Bringing the struggle up to its present period, Moorehead says: “Today the greatest part of Africa is a neocolony under the control of imperialist banks through the International Monetary Fund and the World Bank. Since the post-colonial period, whole African economies have been caught in a vicious cycle of bank loans and structural agreements that have plunged them into a spiraling debt they can never pay off in several lifetimes.”

This book defends the government of Robert Mugabe in Zimbabwe, which engaged in a revolutionary land redistribution program that brought about vicious attacks from the former colonial power in Britain as well as the U.S. Moorehead exposes the political contradictions within American foreign policy toward this southern African nation that won its national independence through an armed struggle that gained international support.

Moorehead says in relationship to the present situation in Zimbabwe that “U.S. imperialism is hypocritical when it denounces ‘repressive measures’ taken by the Mugabe government. Look at the repression we face right here if we organize anti-war or anti-police brutality demonstrations. When aren’t there thousands of NYPD cops in full riot gear trying to intimidate and even arrest us when we exercise our right to freedom of assembly and free speech? Look at how revolutionaries like Mumia Abu-Jamal and Leonard Peltier are locked away because they dared to speak out against this terrible, racist, oppressive system.”

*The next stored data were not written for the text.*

(* Consider an instance of the Max-Buying-PL-Limited-$(\alpha,t)$ Problem (defined in the context). There is a non-negative integer $\ell$, whose value is bounded by a function that is linear in the length of the (binary) representation of the instance, such that there is an optimal solution in which the price of every item is at least $d_\ell$.
   Context: Items are $I=\{1,\dots,n\}$, bidders form a finite set $B$, $v=(v_{ib})$ is a non-negative integer valuation matrix and $C_i$ ($i\in I$) are non-negative integer capacities. For a rational $\alpha>1$, a positive integer $t$, and every integer $k\ge 0$, let $d_k=\max\{v_{ib}: i\in I,b\in B\}/\alpha^k$. The Max-Buying-PL-Limited-$(\alpha,t)$ Problem: choose prices $p_1\ge p_2\ge\dots\ge p_n$ with each $p_i\in\{d_0,d_1,\dots\}$, and an allocation, i.e. a set of item–bidder pairs $(i,b)$ (bidder $b$ receives a copy of $i$), such that each item $i$ is given to at most $C_i$ bidders, $p_i\le v_{ib}$ whenever $b$ receives $i$, and for every integer $r\ge 0$ each bidder receives at most one item whose price lies in $\{d_{rt},d_{rt+1},\dots,d_{(r+1)t-1}\}$ (a bidder may thus receive several items). The profit, to be maximized, is the sum over all allocated pairs $(i,b)$ of $p_i$. *)

theory Defs
  imports Complex_Main
begin

text \<open>Instance: items {1..n}, a finite set B of bidders (natural numbers),
  valuations v i b (nat), capacities C i (nat). Parameters: rational alpha > 1, t > 0.\<close>

definition maxval :: "nat \<Rightarrow> nat set \<Rightarrow> (nat \<Rightarrow> nat \<Rightarrow> nat) \<Rightarrow> nat" where
  "maxval n B v = Max (insert 0 {v i b | i b. i \<in> {1..n} \<and> b \<in> B})"

definition dprice :: "rat \<Rightarrow> nat \<Rightarrow> nat set \<Rightarrow> (nat \<Rightarrow> nat \<Rightarrow> nat) \<Rightarrow> nat \<Rightarrow> real" where
  "dprice \<alpha> n B v k = real (maxval n B v) / (real_of_rat \<alpha>) ^ k"

definition feasible ::
  "rat \<Rightarrow> nat \<Rightarrow> nat \<Rightarrow> nat set \<Rightarrow> (nat \<Rightarrow> nat \<Rightarrow> nat) \<Rightarrow> (nat \<Rightarrow> nat)
   \<Rightarrow> (nat \<Rightarrow> real) \<Rightarrow> (nat \<times> nat) set \<Rightarrow> bool" where
  "feasible \<alpha> t n B v C p A \<longleftrightarrow>
     (\<forall>i \<in> {1..n}. \<exists>k. p i = dprice \<alpha> n B v k) \<and>
     (\<forall>i j. 1 \<le> i \<and> i \<le> j \<and> j \<le> n \<longrightarrow> p j \<le> p i) \<and>
     A \<subseteq> {1..n} \<times> B \<and>
     (\<forall>i \<in> {1..n}. card {b. (i, b) \<in> A} \<le> C i) \<and>
     (\<forall>(i, b) \<in> A. p i \<le> real (v i b)) \<and>
     (\<forall>r b. card {i. (i, b) \<in> A \<and>
               (\<exists>k. r * t \<le> k \<and> k < (r + 1) * t \<and> p i = dprice \<alpha> n B v k)} \<le> 1)"

definition profit :: "(nat \<Rightarrow> real) \<Rightarrow> (nat \<times> nat) set \<Rightarrow> real" where
  "profit p A = (\<Sum>(i, b) \<in> A. p i)"

definition optimal ::
  "rat \<Rightarrow> nat \<Rightarrow> nat \<Rightarrow> nat set \<Rightarrow> (nat \<Rightarrow> nat \<Rightarrow> nat) \<Rightarrow> (nat \<Rightarrow> nat)
   \<Rightarrow> (nat \<Rightarrow> real) \<Rightarrow> (nat \<times> nat) set \<Rightarrow> bool" where
  "optimal \<alpha> t n B v C p A \<longleftrightarrow> feasible \<alpha> t n B v C p A \<and>
     (\<forall>p' A'. feasible \<alpha> t n B v C p' A' \<longrightarrow> profit p' A' \<le> profit p A)"

fun bitlen :: "nat \<Rightarrow> nat" where
  "bitlen x = (if x \<le> 1 then 1 else 1 + bitlen (x div 2))"

text \<open>Length of the binary encoding of an instance (up to constant factors).\<close>
definition inst_size :: "nat \<Rightarrow> nat set \<Rightarrow> (nat \<Rightarrow> nat \<Rightarrow> nat) \<Rightarrow> (nat \<Rightarrow> nat) \<Rightarrow> nat" where
  "inst_size n B v C = n + card B + (\<Sum>i\<in>{1..n}. bitlen (C i))
     + (\<Sum>i\<in>{1..n}. \<Sum>b\<in>B. bitlen (v i b))"

end

theory Submission
  imports Defs "HOL-Library.FuncSet"
begin

text \<open>
  Fix \<open>m\<close> with \<open>\<alpha>^m > 2\<close> and put \<open>K = m \<cdot> bitlen(max v)\<close>; then every price \<open>d\<^sub>k\<close> with
  \<open>k \<ge> K t\<close> is at most 1, hence at most every valuation of a bidder who pays a positive price.
  Group the price indices into blocks of \<open>t\<close> consecutive indices. In a feasible solution at
  most \<open>n\<close> blocks at or above \<open>K\<close> are occupied; moving them down, in order and keeping the
  offsets inside the blocks, so that they occupy the blocks \<open>K, K + 1, \<dots>\<close>, only raises
  prices and preserves their order, the one-item-per-block condition of every bidder and the
  valuation constraints. So every solution is dominated by one whose price indices are below
  \<open>(K + n) t\<close>, which is linear in the instance size, and among those only finitely many
  profits occur, so one of them is optimal.
\<close>

section \<open>The price ladder\<close>

lemma dprice_antimono:
  assumes "\<alpha> > 1" "k \<le> k'"
  shows "dprice \<alpha> n B v k' \<le> dprice \<alpha> n B v k"
  using assms unfolding dprice_def by (simp add: divide_left_mono power_increasing)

Consequently, any effort aimed at repairing or re-correcting the historic oppression and exploitation of African peoples will be met with maximum resistance from the ruling class in the U.S. and throughout the various imperialist circles internationally. Therefore, a struggle must and will be waged to overturn the dominance of world capitalism over the oppressed peoples of the globe.

This book makes a significant contribution to the literature on the international character of the Black liberation movements worldwide and the need to link the war to end national oppression and neocolonialism with the global class struggle for socialism.